How to Make Homemade Wine the Easy Way

If you’re new to making wine, a quick and easy method is making wine from fruit juice using frozen juice concentrates. Simply check in your grocer’s freezer section to find a wide variety of frozen juices. This recipe can be adjusted for any type of juice or juice blends.

It’s fun to experiment with different flavors, but if you do, always make sure that you like the taste of the juice blend itself before you try to make it into wine. If it tastes bland or strange as juice, it will taste even more so once it becomes wine.

Check the ingredients list for preservatives. If it has preservatives, it won’t ferment. If it doesn’t ferment, you won’t get wine.

Another thing to check for is chemicals. You want a juice concentrate that is 100% juice. Some juices have added vitamin C (ascorbic acid). This will work fine.

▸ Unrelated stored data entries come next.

lemma sum_list_card_eq_sum_count_in:
  "finite K \<Longrightarrow> (\<Sum>x\<leftarrow>X. card {v\<in>K. x \<in> F v}) = (\<Sum>v\<in>K. count_in X (F v))"
proof (induction X)
  case Nil then show ?case by (simp add: count_in_def)
next
  case (Cons x X)
  have "card {v\<in>K. x \<in> F v} = (\<Sum>v\<in>K. if x \<in> F v then 1 else 0)"
    using Cons.prems by (simp add: sum.If_cases Int_def conj_commute)
  moreover have "(\<Sum>v\<in>K. length (filter (\<lambda>x. x \<in> F v) (x # X))) =
     (\<Sum>v\<in>K. (if x \<in> F v then 1 else 0) + length (filter (\<lambda>x. x \<in> F v) X))"
    by (intro sum.cong) auto
  ultimately show ?case using Cons by (simp add: count_in_def sum.distrib)
qed

fun full :: "'a tree \<Rightarrow> bool" where
  "full Leaf = True"
| "full (Node l a r) = ((l = Leaf) = (r = Leaf) \<and> full l \<and> full r)"

text \<open>The expected number of inner nodes on a root-to-leaf path that takes each child with probability 1/2.\<close>
fun inner_depth :: "'a tree \<Rightarrow> real" where
  "inner_depth Leaf = 0"
| "inner_depth (Node l a r) = (if l = Leaf \<and> r = Leaf then 0 else 1 + (inner_depth l + inner_depth r) / 2)"

definition halving :: "nat list \<Rightarrow> nat tree \<Rightarrow> bool" where
  "halving X Q \<longleftrightarrow> (\<forall>v\<in>set_tree Q. case subt Q v of Leaf \<Rightarrow> True | Node l _ r \<Rightarrow>
      (l \<noteq> Leaf \<longrightarrow> 2 * count_in X (set_tree l) = count_in X (desc Q v) \<and>
                      2 * count_in X (set_tree r) = count_in X (desc Q v)))"

lemma full_subt: "full T \<Longrightarrow> full (subt T v)"
  by (induction T) auto

lemma subt_Node_left: "bst (Node l a r) \<Longrightarrow> v \<in> set_tree l \<Longrightarrow> subt (Node l a r) v = subt l v"
  by auto

lemma subt_Node_right: "bst (Node l a r) \<Longrightarrow> v \<in> set_tree r \<Longrightarrow> subt (Node l a r) v = subt r v"
  by fastforce

lemma halving_Node:
  assumes "bst (Node l a r)" "halving X (Node l a r)"
  shows "halving X l" "halving X r"
proof -
  have "halving X t" if t: "t = l \<or> t = r" and sub: "\<And>v. v \<in> set_tree t \<Longrightarrow> subt (Node l a r) v = subt t v"
    for t
    unfolding halving_def
  proof
    fix v assume v: "v \<in> set_tree t"
    then have "v \<in> set_tree (Node l a r)" using t by auto
    then have "case subt (Node l a r) v of Leaf \<Rightarrow> True | Node l' _ r' \<Rightarrow>
        (l' \<noteq> Leaf \<longrightarrow> 2 * count_in X (set_tree l') = count_in X (desc (Node l a r) v) \<and>
                         2 * count_in X (set_tree r') = count_in X (desc (Node l a r) v))"
      using assms(2) unfolding halving_def by blast
    then show "case subt t v of Leaf \<Rightarrow> True | Node l' _ r' \<Rightarrow>
        (l' \<noteq> Leaf \<longrightarrow> 2 * count_in X (set_tree l') = count_in X (desc t v) \<and>
                         2 * count_in X (set_tree r') = count_in X (desc t v))"
      unfolding sub[OF v] .
  qed
  then show "halving X l" "halving X r"
    using subt_Node_left[OF assms(1)] subt_Node_right[OF assms(1)] by blast+
qed

lemma inner_keys_Node:
  assumes "bst (Node l a r)" "l \<noteq> Leaf"
  shows "inner_keys (Node l a r) = insert a (inner_keys l \<union> inner_keys r)"
  using assms subt_Node_left[OF assms(1)] subt_Node_right[OF assms(1)]
  unfolding inner_keys_def by (auto 0 3)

Try to avoid any other chemicals for a better tasting wine.

Making Wine from Fruit Juice


• 1 – 6 ounce can frozen grape juice concentrate

• 1 – 6 ounce can frozen apple juice concentrate (or juice of your choice – I like blends.)juice of 1 large lemon

• 2 cups sugar

• 1 package of wine yeast (Montrachet or champagne) or 1 teaspoon bread yeast

• 1 gallon water


• Clean gallon jug or bucket

• Balloon or plastic wrap and rubber band

• Funnel (if you’re using the jug)

• Something to stir with

Bring the water to a rolling boil, then turn off the heat and let it cool down to room temperature. Now you’re ready to begin making wine from fruit juice.

Choose the Proper Container

• When making wine from fruit juice, always start with a very clean jug or bucket. A gallon milk or water jug will work and so will a clean cheap plastic bucket.

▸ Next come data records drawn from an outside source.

lemma power_one_minus_exp_le_reg_lower_inc_gamma:
  assumes "n \<ge> 1" and "0 \<le> y"
  shows "(1 - exp (- y)) ^ n \<le> reg_lower_inc_gamma (real n) (fact n powr (1 / real n) * y)"
proof -
  obtain m where n: "n = Suc m" using assms(1) by (cases n) auto
  define a :: real where "a = fact n powr (1 / real n)"
  define b where "b = (a - 1) / real m"
  \<comment> \<open>so that \<open>exp (- a t) = exp (- t) * exp (- b t) ^ m\<close>; for \<open>n = 1\<close> division by zero gives \<open>b = 0\<close>\<close>
  have "1 \<le> a" and "a \<le> real n" and a_power: "a ^ n = fact n"
    using assms(1) by (simp_all add: a_def root_fact_ge_1 root_fact_le power_root_fact)
  have "0 \<le> b" "b \<le> 1"
    using \<open>1 \<le> a\<close> \<open>a \<le> real n\<close> by (auto simp: b_def n divide_le_eq)
  have a_eq: "a = 1 + real m * b"
    using \<open>1 \<le> a\<close> \<open>a \<le> real n\<close> by (cases "m = 0") (auto simp: b_def n)
  define r where "r t = exp (b * t) - exp ((b - 1) * t) - t" for t
  define D where "D y = 1 - reg_upper_inc_gamma_nat n (a * y) - (1 - exp (- y)) ^ n" for y
  define D' where "D' t = real n * exp (- t) * ((t * exp (- (b * t))) ^ m - (1 - exp (- t)) ^ m)"
    for t
  have r_eq: "r t = exp (b * t) * ((1 - exp (- t)) - t * exp (- (b * t)))" for t
    by (simp add: r_def algebra_simps exp_minus_inverse flip: exp_add)
  have r_pos_of_D'_neg: "0 < r t" if "0 \<le> t" "D' t < 0" for t
  proof -
    have "(t * exp (- (b * t))) ^ m < (1 - exp (- t)) ^ m"
      using that(2) by (simp add: D'_def mult_less_0_iff)
    then have "t * exp (- (b * t)) < 1 - exp (- t)"
      by (rule power_less_imp_less_base) (use that(1) in simp)
    then show ?thesis
      by (simp add: r_eq)
  qed
  have D'_nonpos_of_r_pos: "D' t \<le> 0" if "0 \<le> t" "0 < r t" for t
  proof -
    have "t * exp (- (b * t)) \<le> 1 - exp (- t)"
      using that(2) by (simp add: r_eq zero_less_mult_iff)
    then have "(t * exp (- (b * t))) ^ m \<le> (1 - exp (- t)) ^ m"
      by (rule power_mono) (use that(1) in simp)
    then show ?thesis
      by (simp add: D'_def mult_nonneg_nonpos)
  qed
  have "0 \<le> D y"
  proof (rule nonneg_of_deriv_nonpos_after_neg[where D = D and D' = D'])
    show "(D has_real_derivative D' t) (at t)" if "0 \<le> t" for t
      using has_real_derivative_gamma_exp_gap[OF a_power[unfolded n] a_eq, of t]
      unfolding D_def D'_def n by simp
    show "0 \<le> D 0"
      by (simp add: D_def n reg_upper_inc_gamma_nat_0)
    have "filterlim (\<lambda>y. a * y) at_top at_top"
      using \<open>1 \<le> a\<close> by (intro filterlim_tendsto_pos_mult_at_top[OF tendsto_const _ filterlim_ident]) auto
    then have "(D \<longlongrightarrow> 1 - 0 - (1 - 0) ^ n) at_top"
      unfolding D_def
      by (intro tendsto_intros filterlim_compose[OF tendsto_reg_upper_inc_gamma_nat_at_top]
          filterlim_compose[OF exp_at_bot filterlim_uminus_at_bot_at_top])
    then show "(D \<longlongrightarrow> 0) at_top"
      using assms(1) by simp
    show "D' t \<le> 0" if "0 \<le> s" "s \<le> t" "D' s < 0" for s t
    proof -
      have "r 0 = 0" by (simp add: r_def)
      with that have "0 < r t"
        using exp_gap_pos_persists[OF \<open>0 \<le> b\<close> \<open>b \<le> 1\<close>] r_pos_of_D'_neg unfolding r_def by blast
      with that show ?thesis
        using D'_nonpos_of_r_pos by simp
    qed
  qed (fact assms(2))
  then show ?thesis
    using assms \<open>1 \<le> a\<close> reg_lower_inc_gamma_nat[of n]
    by (simp add: D_def a_def[symmetric])
qed

lemma le_powr_inverse_of_power_le:
  fixes v w :: real
  assumes "0 \<le> v" and "n > 0" and "v ^ n \<le> w"
  shows "v \<le> w powr (1 / real n)"
proof -
  have "v = (v ^ n) powr (1 / real n)"
    using assms(1,2) by (cases "v = 0") (simp_all add: powr_realpow[symmetric] powr_powr)
  also have "\<dots> \<le> w powr (1 / real n)"
    using assms by (intro powr_mono2) auto
  finally show ?thesis .
qed

lemma le_ln_inverse_of_power_one_minus_exp_le:
  fixes y \<sigma> :: real
  assumes "0 \<le> y" and "n > 0" and "0 < \<sigma>" and "(1 - exp (- y)) ^ n \<le> 1 - \<sigma>"
  shows "y \<le> ln (inverse (1 - (1 - \<sigma>) powr (1 / real n)))"
proof -
  define c where "c = (1 - \<sigma>) powr (1 / real n)"
  have "0 \<le> (1 - exp (- y)) ^ n"
    using assms(1) by simp
  then have "c < 1"
    using powr_less_mono2[of "1 / real n" "1 - \<sigma>" 1] assms(2-4) by (simp add: c_def)
  have "1 - exp (- y) \<le> c"
    unfolding c_def using assms by (intro le_powr_inverse_of_power_le) auto
  then have "ln (1 - c) \<le> ln (exp (- y))"
    using \<open>c < 1\<close> by (subst ln_le_cancel_iff) auto
  with \<open>c < 1\<close> show ?thesis
    by (simp add: c_def ln_inverse)
qed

Adding the Juice and Sugar

• Put the thawed juice concentrate and fresh lemon juice into your container. If you’re making an all grape wine, you can leave out the lemon juice. If you are using different fruits, the lemon helps to bring out the flavor as well as giving a nice edge to the wine.

• Add the sugar to the juice. Stir or shake well to dissolve the sugar. The sweeter the fruit juice and more sugar added, the higher the possible alcohol content.

Adding the Water

• Add the previously boiled water as needed to fill up the gallon jug, but make sure to leave about two inches on the top. This gives the wine a bit of headroom for fermenting. Mix well.

Racking the Wine

• If it seems to be done or you don’t want to wait, then it’s time to rack the wine. There should be a layer of sediment on the very bottom of your container. This sediment is what is left over after the yeast eats the sugars from the liquid. Racking the wine is removing the wine from the top without stirring up the sediment on the bottom.

How Do You Know When It’s Finished Fermenting?

• It’s finished fermenting when you tap the edge of the glass and no bubbles appear. However, this is not a hard and fast rule. Fermenting can stop or slow greatly due to fluctuations in temperatures.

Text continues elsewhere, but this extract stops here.